Do Not Pass on GO in Childhood KMT2A-Rearranged AML (and Collect 20% Improvement in EFS)

Rearrangements in lysine methyltransferase 2A (KMT2A) occur in 10 percent of patients with acute leukemia, including 20 percent of children with acute myeloid leukemia (AML).^1,2  Overall survival (OS) of patients with KMT2A-rearranged AML remains less than 50 percent, highlighting need for more optimal treatment regimens.¹  Interestingly, more than 100 5′ fusion partners of KMT2A have been identified to date,³  and the identity of the specific fusion partner strongly influences prognosis and clinical outcomes in patients with AML or acute lymphoblastic leukemia (ALL).^4–6 

Gemtuzumab ozogamicin (GO) is a monoclonal antibody-drug conjugate that targets the transmembrane sieglec protein CD33, which is present on the cell surface of most AML cases.⁷  A meta-analysis of five independent studies showed reduced relapse rates and improved OS in adults with AML with the addition of GO to conventional chemotherapy.⁸ 

Higher CD33 cell surface expression has also been associated with inferior disease-free survival and OS in children with AML.^9,10  These data and the favorable outcomes of adult AML trials nominated GO as a promising drug for pediatric-specific investigation. The Children's Oncology Group (COG) AAML0531 phase III clinical trial (NCT00372593) randomly assigned 1,070 children and adolescents/young adults (AYAs) from the ages of one month to less than 30 years with de novo AML, to receive conventional multiagent chemotherapy (arm A) versus chemotherapy plus GO 3 mg/m² (arm B) administered in induction 1 (all patients) and intensification 2 (patients treated with chemotherapy only/without hematopoietic stem cell transplantation) cycles. Event-free survival (EFS) at three years with GO addition was improved (53% for arm B vs. 47% for arm A; p=0.04) primarily via reduction in relapse risk (RR; 32.8% vs. 41.3%; p=0.006), though no difference in OS was detected (69% for arm B vs. 65% for arm A; p = 0.39). Importantly, no increased risk of veno-occlusive disease/sinusoidal obstruction syndrome was seen with GO addition to chemotherapy in AAML0531.¹¹ 

In a recent subgroup analysis of AAML0531 data, Dr. Jessica Pollard, Dr. Erin Guest, and COG colleagues investigated the potential benefit of GO specifically in children and AYAs with KMT2A-rearranged AML, which has been shown to express particularly high CD33 protein levels.¹⁰  Amongst 1,022 evaluable study subjects, 215 (21%) harbored KMT2A rearrangements.
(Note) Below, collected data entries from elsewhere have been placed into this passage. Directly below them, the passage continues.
lemma weighted_gap_sum_le:
  assumes u: "u \<in> X"
  shows "(\<Sum>j<n. weight j * inner (F u) (y j - u))
    \<le> \<eta> * (n + 1) * (diameter X)\<^sup>2 + \<eta> * C\<^sub>H * diameter X * (\<Sum>j<n. weight j)"
proof -
  define a where "a j = lam j * growth (Suc j) * (inner (F u) (y j - u) - \<eta> * C\<^sub>H * diameter X)" for j
  have "(\<Sum>j<n. 2 * a j - 2 * (diameter X)\<^sup>2) \<le> 2 * (diameter X)\<^sup>2"
  proof (rule inertial_telescoping_sum_le[where q = growth and c = "\<lambda>j. growth j * \<alpha> j"
        and d = "\<lambda>j. (norm (x j - u))\<^sup>2"])
    show "2 * a j - 2 * (diameter X)\<^sup>2 \<le> growth j * (norm (x j - u))\<^sup>2
        - growth (Suc j) * (norm (x (Suc j) - u))\<^sup>2
        + growth j * \<alpha> j * ((norm (x j - u))\<^sup>2 - (norm (x (j - 1) - u))\<^sup>2)" for j
      using weighted_descent_inequality[OF u, of j] by (simp add: a_def mult.assoc)
    show "0 \<le> (norm (x j - u))\<^sup>2 \<and> (norm (x j - u))\<^sup>2 \<le> (diameter X)\<^sup>2" for j
      using diameter_bounded_bound[OF compact_imp_bounded[OF X_compact] iterates_in_X(1) u]
      by (simp add: dist_norm power_mono)
    show "0 \<le> growth j * \<alpha> j" for j
      using growth_ge_1[of j] alpha_nonneg[of j] by simp
    show "0 \<le> growth j" for j
      using growth_ge_1[of j] by simp
  qed (use scaled_alpha_decreasing alpha0 growth_0 in auto)
  then have "(\<Sum>j<n. a j) \<le> (n + 1) * (diameter X)\<^sup>2"
    by (simp add: sum_subtractf sum_distrib_left[symmetric] distrib_right)
  then have "\<eta> * (\<Sum>j<n. a j) \<le> \<eta> * (n + 1) * (diameter X)\<^sup>2"
    using eta_pos by (simp add: mult.assoc)
  moreover have "\<eta> * (\<Sum>j<n. a j)
      = (\<Sum>j<n. weight j * inner (F u) (y j - u)) - \<eta> * C\<^sub>H * diameter X * (\<Sum>j<n. weight j)"
  proof -
    have "\<eta> * a j = weight j * inner (F u) (y j - u) - \<eta> * C\<^sub>H * diameter X * weight j" for j
      by (simp add: a_def weight_def algebra_simps)
    then show ?thesis by (simp add: sum_distrib_left sum_subtractf)
  qed
  ultimately show ?thesis by linarith
qed

lemma weight_pos: "0 < weight j"
  unfolding weight_def using lam_pos eta_pos growth_ge_1[of "Suc j"] by simp

lemma weight_sum_ge:
  assumes "1 \<le> n"
  shows "lam (n - 1) * \<eta> * growth n \<le> (\<Sum>j<n. weight j)"
proof -
  have "weight (n - 1) \<le> (\<Sum>j<n. weight j)"
    using assms weight_pos by (intro member_le_sum) (auto intro: less_imp_le)
  then show ?thesis using assms by (simp add: weight_def)
qed

lemma ergodic_avg_gap_le:
  assumes "1 \<le> n"
    and iterations: "2 * \<eta> * (n + 1) * (diameter X)\<^sup>2 \<le> \<epsilon> * (\<Sum>j<n. weight j)"
    and regularization: "2 * \<eta> * C\<^sub>H * diameter X \<le> \<epsilon>"
  shows "0 \<le> Gap (ergodic_avg n) F X \<and> Gap (ergodic_avg n) F X \<le> \<epsilon>"
  unfolding ergodic_avg_def
proof (rule Gap_weighted_average_le)
  show "0 < (\<Sum>j<n. weight j)"
    using assms(1) weight_pos by (intro sum_pos) (auto simp: lessThan_empty_iff)
  then have "\<eta> * C\<^sub>H * diameter X * (\<Sum>j<n. weight j) \<le> \<epsilon> / 2 * (\<Sum>j<n. weight j)"
    using regularization by (intro mult_right_mono) auto
  then show "(\<Sum>j<n. weight j * inner (F u) (y j - u)) \<le> \<epsilon> * (\<Sum>j<n. weight j)" if "u \<in> X" for u
    using weighted_gap_sum_le[OF that, of n] iterations by (simp add: algebra_simps)
qed (use X_convex iterates_in_X weight_pos[THEN less_imp_le] in auto)

lemma weight_sum_ge_of_iteration_count:
  assumes lam_range: "\<And>j. lam\<^sub>l\<^sub>o \<le> lam j \<and> lam j \<le> lam\<^sub>h\<^sub>i"
    and "0 < lam\<^sub>l\<^sub>o" "lam\<^sub>h\<^sub>i\<^sup>2 * L\<^sup>2 < 1" "0 < \<epsilon>" "1 \<le> n"
    and n_large: "of_int \<lceil>(1 / (1 - lam\<^sub>h\<^sub>i\<^sup>2 * L\<^sup>2) + 1 / (2 * lam\<^sub>l\<^sub>o * \<eta> * \<mu>))
      * ln (2 * (real n + 1) * (diameter X)\<^sup>2 / (lam\<^sub>l\<^sub>o * \<epsilon>))\<rceil> \<le> real n"
  shows "2 * \<eta> * (real n + 1) * (diameter X)\<^sup>2 \<le> \<epsilon> * (\<Sum>j<n. weight j)"
proof -
  define M where "M = 1 / (1 - lam\<^sub>h\<^sub>i\<^sup>2 * L\<^sup>2) + 1 / (2 * lam\<^sub>l\<^sub>o * \<eta> * \<mu>)"
  have "inverse M \<le> \<beta> j" for j
    using regularized_rate_mono[OF \<open>0 < lam\<^sub>l\<^sub>o\<close> _ _ \<open>lam\<^sub>h\<^sub>i\<^sup>2 * L\<^sup>2 < 1\<close>, of "lam j" "\<eta> * \<mu>"]
      lam_range[of j] eta_pos mu_pos
    unfolding M_def beta_def by (simp add: mult.assoc)
  moreover have "0 < M"
    unfolding M_def using assms eta_pos mu_pos by (intro add_pos_pos) auto
  ultimately have "2 * (real n + 1) * (diameter X)\<^sup>2 / (lam\<^sub>l\<^sub>o * \<epsilon>) \<le> growth n"
    using le_exp_of_ceiling_mult_ln_le n_large growth_ge_exp unfolding M_def
    by (blast intro: order_trans)
  then have "2 * (real n + 1) * (diameter X)\<^sup>2 \<le> \<epsilon> * (lam\<^sub>l\<^sub>o * growth n)"
    using assms by (simp add: field_simps)
  then have "2 * \<eta> * (real n + 1) * (diameter X)\<^sup>2 \<le> \<epsilon> * (lam\<^sub>l\<^sub>o * \<eta> * growth n)"
    using mult_left_mono[OF _ less_imp_le[OF eta_pos]] by (fastforce simp: mult_ac)
  also have "\<dots> \<le> \<epsilon> * (\<Sum>j<n. weight j)"
    using weight_sum_ge[OF \<open>1 \<le> n\<close>] lam_range[of "n - 1"] eta_pos \<open>0 < \<epsilon>\<close> growth_ge_1[of n]
    by (smt (verit) mult_left_mono mult_right_mono)
  finally show ?thesis .
qed

lemma regularization_term_le:
  assumes "\<eta> = \<epsilon> / (2 * D0)" "0 < D0" "0 < lam\<^sub>l\<^sub>o" "lam\<^sub>l\<^sub>o \<le> lam\<^sub>h\<^sub>i"
    and D0_ge: "lam\<^sub>h\<^sub>i * C\<^sub>H * diameter X / lam\<^sub>l\<^sub>o \<le> D0"
  shows "2 * \<eta> * C\<^sub>H * diameter X \<le> \<epsilon>"
proof -
  have "0 \<le> C\<^sub>H * diameter X"
    using order_trans[OF norm_ge_zero norm_H_le_C\<^sub>H[OF x0]]
      diameter_ge_0[OF compact_imp_bounded[OF X_compact]] by simp
  then have "lam\<^sub>l\<^sub>o * (C\<^sub>H * diameter X) \<le> lam\<^sub>h\<^sub>i * (C\<^sub>H * diameter X)"
    using assms by (intro mult_right_mono)
  then have "C\<^sub>H * diameter X \<le> lam\<^sub>h\<^sub>i * C\<^sub>H * diameter X / lam\<^sub>l\<^sub>o"
    using assms by (simp add: field_simps)
  then have "C\<^sub>H * diameter X \<le> D0"
    using D0_ge by linarith
  then have "2 * \<eta> * (C\<^sub>H * diameter X) \<le> 2 * \<eta> * D0"
    using eta_pos by (intro mult_left_mono) auto
  then show ?thesis
    using assms by (simp add: mult.assoc)
qed

end

theorem corollary4p19:
  fixes F H :: "'a::euclidean_space \<Rightarrow> 'a"
    and DomF DomH X \<Omega> :: "'a set"
    and LF LH \<mu> \<epsilon> D0 \<eta> L lam_lo lam_hi :: real
    and \<alpha> lam \<beta> p \<Lambda> :: "nat \<Rightarrow> real"
    and x w w' y ybar :: "nat \<Rightarrow> 'a"
    and k :: nat
  assumes F_mono: "monotone_op F DomF" and F_lip: "LF-lipschitz_on DomF F" and LF_pos: "LF > 0"
    and H_mono: "monotone_op H DomH" and H_lip: "LH-lipschitz_on DomH H" and LH_pos: "LH > 0"
    and H_strong: "strongly_monotone_op \<mu> H DomH" and mu_pos: "\<mu> > 0"
    and X_ne: "X \<noteq> {}" and X_compact: "compact X" and X_convex: "convex X"
    and Om_ne: "\<Omega> \<noteq> {}" and Om_closed: "closed \<Omega>" and Om_convex: "convex \<Omega>"
    and X_sub: "X \<subseteq> \<Omega>" and Om_sub: "\<Omega> \<subseteq> DomF \<inter> DomH"
    and Q_ne: "VI_sol F X \<noteq> {}"
    and eps_pos: "\<epsilon> > 0"
    and D0_pos: "D0 > 0"
    and D0_ge: "D0 \<ge> lam_hi * (SUP z\<in>X. norm (H z)) * diameter X / lam_lo"
    and eta_def: "\<eta> = \<epsilon> / (2 * D0)"
    and L_def: "L = LF + \<eta> * LH"
    and lam_lo_pos: "0 < lam_lo" and lam_lo_hi: "lam_lo \<le> lam_hi" and lam_hi_lt: "lam_hi < 1 / L"
    and lam_range: "\<And>j. lam_lo \<le> lam j \<and> lam j \<le> lam_hi"
    and alpha_nonneg: "\<And>j. \<alpha> j \<ge> 0"
    and alpha0: "\<alpha> 0 \<le> 1"
    and beta_def: "\<And>j. \<beta> j = inverse (1 / (1 - (lam j)\<^sup>2 * L\<^sup>2) + 1 / (2 * lam j * \<eta> * \<mu>))"
    and alpha_dec: "\<And>j. \<alpha> (Suc j) \<le> (1 - \<beta> j) * \<alpha> j"
    and x0: "x 0 \<in> X"
    and w_def: "\<And>j. w j = x j + \<alpha> j *\<^sub>R (x j - (if j = 0 then x 0 else x (j - 1)))"
    and w'_def: "\<And>j. w' j = proj \<Omega> (w j)"
    and y_def: "\<And>j. y j = proj X (w j - lam j *\<^sub>R (F (w' j) + \<eta> *\<^sub>R H (w' j)))"
    and x_def: "\<And>j. x (Suc j) = proj X (w j - lam j *\<^sub>R (F (y j) + \<eta> *\<^sub>R H (y j)))"
    and p_def: "\<And>j. p j = inverse (\<Prod>i\<in>{0..j}. (1 - \<beta> i))"
    and Lambda_def: "\<And>j. j \<ge> 1 \<Longrightarrow> \<Lambda> j = (\<Sum>i<j. lam i * \<eta> * p i)"
    and ybar_def: "\<And>j. j \<ge> 1 \<Longrightarrow> ybar j = inverse (\<Lambda> j) *\<^sub>R (\<Sum>i<j. (lam i * \<eta> * p i) *\<^sub>R y i)"
    and k_ge1: "k \<ge> 1"
    and k_large: "real k \<ge> of_int \<lceil>(1 / (1 - lam_hi\<^sup>2 * L\<^sup>2) + D0 / (lam_lo * \<mu> * \<epsilon>))
                    * ln (2 * (real k + 1) * (diameter X)\<^sup>2 / (lam_lo * \<epsilon>))\<rceil>"
  shows "0 \<le> Gap (ybar k) F X \<and> Gap (ybar k) F X \<le> \<epsilon>"
proof -
  have eta_pos: "\<eta> > 0" using eta_def eps_pos D0_pos by simp
  have L_pos: "L > 0" using L_def LF_pos LH_pos eta_pos by (simp add: add_pos_pos)
  have lam_hi_L: "lam_hi\<^sup>2 * L\<^sup>2 < 1"
    using power2_mult_less_1[OF L_pos _ lam_hi_lt] lam_lo_pos lam_lo_hi by simp
  have lam_pos: "lam j > 0" and lam_L: "(lam j)\<^sup>2 * L\<^sup>2 < 1" for j
    using power2_mult_less_1[OF L_pos _ le_less_trans[OF _ lam_hi_lt]] lam_range[of j] lam_lo_pos
    by auto
  interpret ineireg F H DomF DomH X \<Omega> LF LH \<mu> \<eta> L lam \<alpha> \<beta> x w w' y
    by unfold_locales (fact assms eta_pos lam_pos lam_L)+
  have "1 / (2 * lam_lo * \<eta> * \<mu>) = D0 / (lam_lo * \<mu> * \<epsilon>)"
    unfolding eta_def using D0_pos eps_pos mu_pos lam_lo_pos by (simp add: field_simps)
  then have iterations: "2 * \<eta> * (real k + 1) * (diameter X)\<^sup>2 \<le> \<epsilon> * (\<Sum>j<k. weight j)"
    using weight_sum_ge_of_iteration_count[OF lam_range lam_lo_pos lam_hi_L eps_pos k_ge1] k_large
    by simp
  have regularization: "2 * \<eta> * C\<^sub>H * diameter X \<le> \<epsilon>"
    using regularization_term_le[OF eta_def D0_pos lam_lo_pos lam_lo_hi] D0_ge
    unfolding C\<^sub>H_def by (simp add: mult.assoc)
  have "p j = growth (Suc j)" for j
    unfolding p_def growth_def by (simp add: atLeast0AtMost lessThan_Suc_atMost)
  then have "ybar k = ergodic_avg k"
    using ybar_def[OF k_ge1] Lambda_def[OF k_ge1] unfolding ergodic_avg_def weight_def by simp
  then show ?thesis
    using ergodic_avg_gap_le[OF k_ge1 iterations regularization] by simp
qed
The investigators found that children and AYAs with KMT2A-rearranged AML also had improved five-year EFS (48% for arm B vs. 29% for arm A; p=0.003) and decreased RR (40% vs. 66%; p=0.001), though five-year OS was again not significantly better (63% for arm B vs. 53% for arm A; p=0.054). Strikingly, the greatest benefit of GO addition was detected in patients with KMT2A-rearranged AML and previously defined high-risk fusion partners, including MLLT6, ABI1, MLLT10, and MLLT1.¹²  In this patient subset, EFS improved from 6 percent with “no GO” on arm A to 27 percent with GO on arm B (p=0.013), and relapse rates were reduced from 90 percent without GO to 66 percent with GO (p=0.027). As expected, patients with KMT2A-rearranged AML had generally worse outcomes than those without KMT2A rearrangements, with five-year EFS of 38 percent versus 51 percent (p<0.001) and OS of 58 percent versus 66 percent (p=0.02), respectively. This difference was particularly pronounced in “no GO” patients with EFS of 29 percent if KMT2A-rearranged, and 50 percent if non–KMT2A-rearranged (p<0.001). Remarkably, pediatric patients with KMT2A-rearranged versus non–KMT2A-rearranged AML treated with GO had comparable EFS (48% vs. 53%; p=0.325) and OS (63% vs. 66%; p=0.643), suggesting that the increased clinical risk associated with KMT2A rearrangements may be abrogated by GO addition to chemotherapy.